On the way back to the hotel, I wondered how anyone could become accustomed to living in such starkly contrasting conditions: on the one hand so bleak and dismal, and the other so opulent and magnificent. I knew I could never drive through streets with children clothed in tatters, who foraged for food in mounds of garbage, to a magnificent home with servants, and copious, gourmet food.

10 comments

  1. Anonymous // March 19, 2009 at 4:34 PM  

    WOW. What a powerful post. How very sad the conditions these people live in. I understand the conflict in your head though. I don't know how I could live in such wealth when right outside my wall is such poverty. But maybe those inside the wall have gotten used to seeing the poor, have become desensitized to them.

    I would be interested in hearing the story from "inside the walls", their viewpoint on their country.

    These have been insightful reports. Thanks!

  2. Mary Ricksen // March 19, 2009 at 4:36 PM  

    It just doesn't seem right does it.
    I can understand the feeling just short of disgust that it must have
    given you to see all that opulence amidst the poverty.
    If I could change the world...

  3. Jianne Carlo // March 19, 2009 at 5:30 PM  

    Thanks for your comments, Mary and Cyndi. The worst and best parts are still to come, and I will end the trip to Guyana with part 4.

    Jianne

  4. Scarlet Pumpernickel // March 19, 2009 at 5:57 PM  

    What a wonderful descriptive blog! I could see the kites and hear the people!
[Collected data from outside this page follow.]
(* Let $\mathcal{M}$ be a matroid on $[n]$, let $\gamma$ be a basic $\ell$-cover of $\mathcal{M}$, and let $H$ be an independent set of $\mathcal{M}(\gamma)$ with $H\subseteq\operatorname{supp}\gamma$ and $\gamma(H)=\ell$. Then: (1) $\mathcal{M}(\gamma)/H=\mathcal{M}(\gamma)^0$, i.e. a set $I\subseteq[n]-H$ satisfies $I\cup H\in\mathcal{M}(\gamma)$ if and only if $I$ is independent in $\mathcal{M}(\gamma)|_{[n]-\operatorname{supp}\gamma}$; (2) if moreover $\gamma(i)\le 1$ for all $i\in[n]$, then $\mathcal{M}(\gamma)|_{[n]-\operatorname{supp}\gamma}=\mathcal{M}|_{[n]-\operatorname{supp}\gamma}$.
   Context: Matroids are identified with their independence complexes. For $\gamma:[n]\to\mathbb{N}_0$ and $S\subseteq[n]$, $\gamma(S)=\sum_{i\in S}\gamma(i)$, $\operatorname{supp}\gamma=\{i:\gamma(i)>0\}$. $\gamma$ is an $\ell$-cover of $\mathcal{M}$ if $\gamma(F)\ge\ell$ for every basis $F$, basic if minimal among $\ell$-covers in the pointwise order. $\mathcal{M}(\gamma)$ is the matroid (complex) generated by the bases $F$ of $\mathcal{M}$ with $\gamma(F)=\ell$, and $\mathcal{M}(\gamma)^0:=\mathcal{M}(\gamma)|_{[n]-\operatorname{supp}\gamma}$. $\mathcal{M}|_A$ denotes restriction and $\mathcal{M}/H$ contraction (independent sets $I\subseteq [n]-H$ with $I\cup H$ independent). *)

theory Defs
  imports Main
begin

definition matroid :: "nat \<Rightarrow> nat set set \<Rightarrow> bool" where
  "matroid n M \<longleftrightarrow>
     (\<forall>I\<in>M. I \<subseteq> {1..n}) \<and> {} \<in> M \<and>
     (\<forall>I J. J \<in> M \<longrightarrow> I \<subseteq> J \<longrightarrow> I \<in> M) \<and>
     (\<forall>I J. I \<in> M \<longrightarrow> J \<in> M \<longrightarrow> card I < card J \<longrightarrow>
        (\<exists>x\<in>J - I. insert x I \<in> M))"

definition basis :: "nat set set \<Rightarrow> nat set \<Rightarrow> bool" where
  "basis M F \<longleftrightarrow> F \<in> M \<and> (\<forall>G\<in>M. F \<subseteq> G \<longrightarrow> G = F)"

definition supp :: "(nat \<Rightarrow> nat) \<Rightarrow> nat set" where
  "supp \<gamma> = {i. \<gamma> i > 0}"

definition is_cover :: "nat set set \<Rightarrow> nat \<Rightarrow> (nat \<Rightarrow> nat) \<Rightarrow> bool" where
  "is_cover M l \<gamma> \<longleftrightarrow> (\<forall>F. basis M F \<longrightarrow> sum \<gamma> F \<ge> l)"

definition basic_cover :: "nat set set \<Rightarrow> nat \<Rightarrow> (nat \<Rightarrow> nat) \<Rightarrow> bool" where
  "basic_cover M l \<gamma> \<longleftrightarrow> is_cover M l \<gamma> \<and>
     (\<forall>\<delta>. is_cover M l \<delta> \<longrightarrow> (\<forall>i. \<delta> i \<le> \<gamma> i) \<longrightarrow> \<delta> = \<gamma>)"

definition Mgamma :: "nat set set \<Rightarrow> nat \<Rightarrow> (nat \<Rightarrow> nat) \<Rightarrow> nat set set" where
  "Mgamma M l \<gamma> = {I. \<exists>F. basis M F \<and> sum \<gamma> F = l \<and> I \<subseteq> F}"

definition restrict_cx :: "nat set set \<Rightarrow> nat set \<Rightarrow> nat set set" where
  "restrict_cx M A = {I \<in> M. I \<subseteq> A}"

definition contract_cx :: "nat \<Rightarrow> nat set set \<Rightarrow> nat set \<Rightarrow> nat set set" where
  "contract_cx n M H = {I. I \<subseteq> {1..n} - H \<and> I \<union> H \<in> M}"

end

theory Submission
  imports Defs
begin

text \<open>If F \<supseteq> H is a basis with \<gamma>(F) = l = \<gamma>(H), then \<gamma> vanishes on F - H, so every I disjoint
  from H with I \<union> H \<in> M(\<gamma>) avoids supp \<gamma>. Conversely, let I \<in> M avoid supp \<gamma>, let G \<supseteq> H
  be a basis with \<gamma>(G) = l, and extend I to a basis B \<subseteq> I \<union> G. Then \<gamma> vanishes on B - H, so
  l \<le> \<gamma>(B) = \<gamma>(B \<inter> H) \<le> \<gamma>(H) = l; as H \<subseteq> supp \<gamma>, this forces H \<subseteq> B, and B witnesses
  I \<union> H \<in> M(\<gamma>).\<close>

lemma matroid_independent_subset_ground: "matroid n M \<Longrightarrow> I \<in> M \<Longrightarrow> I \<subseteq> {1..n}"
  unfolding matroid_def by blast

lemma matroid_independent_finite: "matroid n M \<Longrightarrow> I \<in> M \<Longrightarrow> finite I"
  by (meson matroid_independent_subset_ground finite_atLeastAtMost finite_subset)

lemma matroid_independent_card_le: "matroid n M \<Longrightarrow> I \<in> M \<Longrightarrow> card I \<le> n"
  using card_mono[OF finite_atLeastAtMost matroid_independent_subset_ground] by fastforce

lemma matroid_downward_closed: "matroid n M \<Longrightarrow> J \<in> M \<Longrightarrow> I \<subseteq> J \<Longrightarrow> I \<in> M"
  unfolding matroid_def by blast

lemma matroid_augment:
  "matroid n M \<Longrightarrow> I \<in> M \<Longrightarrow> J \<in> M \<Longrightarrow> card I < card J \<Longrightarrow> \<exists>x\<in>J - I. insert x I \<in> M"
  unfolding matroid_def by blast

lemma basis_independent: "basis M F \<Longrightarrow> F \<in> M"
  unfolding basis_def by blast

lemma basis_if_card_ge_basis:
  assumes M: "matroid n M" and G: "basis M G" and B: "B \<in> M" and card: "card G \<le> card B"
  shows "basis M B"
  unfolding basis_def
proof (intro conjI B ballI impI)
  fix B' assume B': "B' \<in> M" and "B \<subseteq> B'"
  show "B' = B"
  proof (rule ccontr)
    assume "B' \<noteq> B"
    with \<open>B \<subseteq> B'\<close> have "card B < card B'"
      using matroid_independent_finite[OF M B'] by (simp add: psubset_card_mono)
    with card have "card G < card B'" by simp
    then obtain x where "x \<in> B' - G" "insert x G \<in> M"
      using matroid_augment[OF M basis_independent[OF G] B'] by blast
    with G show False unfolding basis_def by blast
  qed
qed

lemma exists_basis_between:
  assumes M: "matroid n M" and I: "I \<in> M" and G: "basis M G"
  shows "\<exists>B. basis M B \<and> I \<subseteq> B \<and> B \<subseteq> I \<union> G"
proof -
  define S where "S = {B \<in> M. I \<subseteq> B \<and> B \<subseteq> I \<union> G}"
  have "I \<in> S" using I unfolding S_def by blast
  moreover have "\<forall>B. B \<in> S \<longrightarrow> card B < Suc n"
    unfolding S_def using matroid_independent_card_le[OF M] by (simp add: less_Suc_eq_le)
  ultimately obtain B where "B \<in> S" and B_max: "\<And>B'. B' \<in> S \<Longrightarrow> card B' \<le> card B"
    using Lattices_Big.ex_has_greatest_nat[of "\<lambda>B. B \<in> S" I card "Suc n"] by blast
  then have BM: "B \<in> M" and "I \<subseteq> B" and "B \<subseteq> I \<union> G" unfolding S_def by auto
  have "card G \<le> card B"
  proof (rule ccontr)
    assume "\<not> card G \<le> card B"
    then obtain x where x: "x \<in> G - B" "insert x B \<in> M"
      using matroid_augment[OF M BM basis_independent[OF G]] by auto
    with \<open>I \<subseteq> B\<close> \<open>B \<subseteq> I \<union> G\<close> have "insert x B \<in> S" unfolding S_def by auto
    then have "card (insert x B) \<le> card B" by (rule B_max)
    with x matroid_independent_finite[OF M BM] show False by simp
  qed
  with basis_if_card_ge_basis[OF M G BM] \<open>I \<subseteq> B\<close> \<open>B \<subseteq> I \<union> G\<close> show ?thesis by blast
qed

lemma sum_nat_zero_outside_if_le:
  fixes f :: "'a \<Rightarrow> nat"
  assumes "finite A" and "B \<subseteq> A" and "sum f A \<le> sum f B" and "x \<in> A - B"
  shows "f x = 0"
proof -
  have "sum f A = sum f B + sum f (A - B)"
    using assms(1,2) by (metis add.commute sum.subset_diff)
  with assms(3) have "sum f (A - B) = 0" by simp
  with assms(1,4) show ?thesis by simp
qed

lemma Mgamma_downward_closed: "J \<in> Mgamma M l \<gamma> \<Longrightarrow> I \<subseteq> J \<Longrightarrow> I \<in> Mgamma M l \<gamma>"
  unfolding Mgamma_def by blast

lemma Mgamma_subset: "matroid n M \<Longrightarrow> Mgamma M l \<gamma> \<subseteq> M"
  unfolding Mgamma_def using matroid_downward_closed basis_independent by blast

lemma disjoint_supp_if_union_in_Mgamma:
  assumes M: "matroid n M" and H: "sum \<gamma> H = l"
    and IH: "I \<union> H \<in> Mgamma M l \<gamma>" and disj: "I \<inter> H = {}"
  shows "I \<inter> supp \<gamma> = {}"
proof -
  obtain F where F: "basis M F" "sum \<gamma> F = l" "I \<union> H \<subseteq> F"
    using IH unfolding Mgamma_def by blast
  have "finite F" using matroid_independent_finite[OF M basis_independent[OF F(1)]] .
  have "\<gamma> x = 0" if "x \<in> I" for x
  proof (rule sum_nat_zero_outside_if_le[of F H \<gamma> x])
    show "finite F" by fact
    show "H \<subseteq> F" "sum \<gamma> F \<le> sum \<gamma> H" using F H by auto
    show "x \<in> F - H" using F(3) disj that by blast
  qed
  then show ?thesis unfolding supp_def by auto
qed

lemma union_in_Mgamma_if_disjoint_supp:
  assumes M: "matroid n M" and cover: "is_cover M l \<gamma>"
    and H: "H \<in> Mgamma M l \<gamma>" "H \<subseteq> supp \<gamma>" "sum \<gamma> H = l"
    and I: "I \<in> M" "I \<inter> supp \<gamma> = {}"
  shows "I \<union> H \<in> Mgamma M l \<gamma>"
proof -
  obtain G where G: "basis M G" "sum \<gamma> G = l" "H \<subseteq> G"
    using H(1) unfolding Mgamma_def by blast
  obtain B where B: "basis M B" "I \<subseteq> B" "B \<subseteq> I \<union> G"
    using exists_basis_between[OF M I(1) G(1)] by blast
  have fin_G: "finite G" and fin_B: "finite B"
    using matroid_independent_finite[OF M] basis_independent G(1) B(1) by blast+
  have "\<gamma> x = 0" if "x \<in> B - H" for x
  proof (cases "x \<in> I")
    case True
    with I(2) show ?thesis unfolding supp_def by auto
  next
    case False
    with that B(3) have "x \<in> G - H" by blast
    with G H(3) fin_G show ?thesis by (intro sum_nat_zero_outside_if_le[of G H]) auto
  qed
  then have "sum \<gamma> B = sum \<gamma> (B \<inter> H)"
    using fin_B by (intro sum.mono_neutral_right) auto
  moreover have "l \<le> sum \<gamma> B" using cover B(1) unfolding is_cover_def by blast
  ultimately have "sum \<gamma> H \<le> sum \<gamma> (B \<inter> H)" using H(3) by simp
  moreover have "finite H" using fin_G G(3) finite_subset by blast
  ultimately have "\<gamma> x = 0" if "x \<in> H - B" for x
    using that by (intro sum_nat_zero_outside_if_le[of H "B \<inter> H"]) auto
  with H(2) have "H \<subseteq> B" unfolding supp_def by fastforce
  with \<open>sum \<gamma> B = sum \<gamma> (B \<inter> H)\<close> H(3) have "sum \<gamma> B = l" by (simp add: Int_absorb1)
  with B(1,2) \<open>H \<subseteq> B\<close> show ?thesis unfolding Mgamma_def by blast
qed

lemma contract_Mgamma_eq_restrict:
  assumes M: "matroid n M" and cover: "is_cover M l \<gamma>"
    and H: "H \<in> Mgamma M l \<gamma>" "H \<subseteq> supp \<gamma>" "sum \<gamma> H = l"
  shows "contract_cx n (Mgamma M l \<gamma>) H = restrict_cx (Mgamma M l \<gamma>) ({1..n} - supp \<gamma>)"
proof (intro set_eqI iffI)
  fix I assume "I \<in> contract_cx n (Mgamma M l \<gamma>) H"
  then have "I \<subseteq> {1..n} - H" "I \<union> H \<in> Mgamma M l \<gamma>" unfolding contract_cx_def by auto
  moreover from this have "I \<inter> supp \<gamma> = {}"
    using disjoint_supp_if_union_in_Mgamma[OF M H(3)] by blast
  ultimately show "I \<in> restrict_cx (Mgamma M l \<gamma>) ({1..n} - supp \<gamma>)"
    unfolding restrict_cx_def using Mgamma_downward_closed by blast
next
  fix I assume "I \<in> restrict_cx (Mgamma M l \<gamma>) ({1..n} - supp \<gamma>)"
  then have "I \<in> M" "I \<subseteq> {1..n} - supp \<gamma>"
    unfolding restrict_cx_def using Mgamma_subset[OF M] by auto
  with union_in_Mgamma_if_disjoint_supp[OF M cover H] H(2)
  show "I \<in> contract_cx n (Mgamma M l \<gamma>) H" unfolding contract_cx_def by blast
qed

lemma restrict_Mgamma_eq_restrict:
  assumes M: "matroid n M" and cover: "is_cover M l \<gamma>"
    and H: "H \<in> Mgamma M l \<gamma>" "H \<subseteq> supp \<gamma>" "sum \<gamma> H = l"
  shows "restrict_cx (Mgamma M l \<gamma>) ({1..n} - supp \<gamma>) = restrict_cx M ({1..n} - supp \<gamma>)"
proof (intro set_eqI iffI)
  fix I assume "I \<in> restrict_cx M ({1..n} - supp \<gamma>)"
  then have "I \<in> M" "I \<subseteq> {1..n} - supp \<gamma>" unfolding restrict_cx_def by auto
  with union_in_Mgamma_if_disjoint_supp[OF M cover H]
  show "I \<in> restrict_cx (Mgamma M l \<gamma>) ({1..n} - supp \<gamma>)"
    unfolding restrict_cx_def using Mgamma_downward_closed by blast
qed (use Mgamma_subset[OF M] in \<open>auto simp: restrict_cx_def\<close>)

theorem proposition3p9:
  fixes n l :: nat and M :: "nat set set" and \<gamma> :: "nat \<Rightarrow> nat" and H :: "nat set"
  assumes "matroid n M"
    and "\<forall>i. i \<notin> {1..n} \<longrightarrow> \<gamma> i = 0"
    and "basic_cover M l \<gamma>"
    and "H \<in> Mgamma M l \<gamma>"
    and "H \<subseteq> supp \<gamma>"
    and "sum \<gamma> H = l"
  shows "contract_cx n (Mgamma M l \<gamma>) H
           = restrict_cx (Mgamma M l \<gamma>) ({1..n} - supp \<gamma>) \<and>
         ((\<forall>i\<in>{1..n}. \<gamma> i \<le> 1) \<longrightarrow>
           restrict_cx (Mgamma M l \<gamma>) ({1..n} - supp \<gamma>)
           = restrict_cx M ({1..n} - supp \<gamma>))"
proof -
  have cover: "is_cover M l \<gamma>" using assms(3) unfolding basic_cover_def by blast
  show ?thesis
    using contract_Mgamma_eq_restrict[OF assms(1) cover assms(4-6)]
      restrict_Mgamma_eq_restrict[OF assms(1) cover assms(4-6)] by blast
qed

end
Thanks for sharing!

    Scarlet

  5. Mona Risk // March 19, 2009 at 6:11 PM  

    Jianne, what you describe here happen in every country of the third world in Asia, Africa and South America. Unfortunately, that's the way the world is going. The rich get richer, and the poor get poorer. Even here inthe US if we watch the daily news and scandals. Have you seen the movie, Slumboy Millionaire? If you have a weak heart don't go.

  6. Liz Jasper // March 19, 2009 at 6:32 PM  

    Love the idea of volunteers doing all that community work. Nice image.

  7. Edie Ramer // March 19, 2009 at 8:20 PM  

    Jianne, this left me feeling emotional. The picture you painted of poverty in heartbreaking, especially when compared to the opulence.

  8. Mary Marvella // March 19, 2009 at 10:11 PM  

    Jianne, that post held so much joy and sadness. What a beautiful job of making us aware. I won't soon forget this one.

    MORE!

  9. Josie // March 20, 2009 at 8:51 AM  

    Jianne,
    I have followed your posts on this from the beginning. Poignant and powerful, and so insightful. Thank you for sharing.

  10. Terry Odell // March 20, 2009 at 10:43 AM  

    Wonderful post. We traveled to South Africa and the contrasts there are heart-gripping. On our excursion from our hotel in Victoria Falls to the Chobe game park (which is in another country, albeit only about an hour away), our driver planned to shop for things like rice and cooking oil -- because these were products not avialable in the local shops. Not banned or anything, just 'out of stock'.

    Seeing billboards encouraging safe sex and saying things like, "real men don't hit their women" makes you reassess what we have here.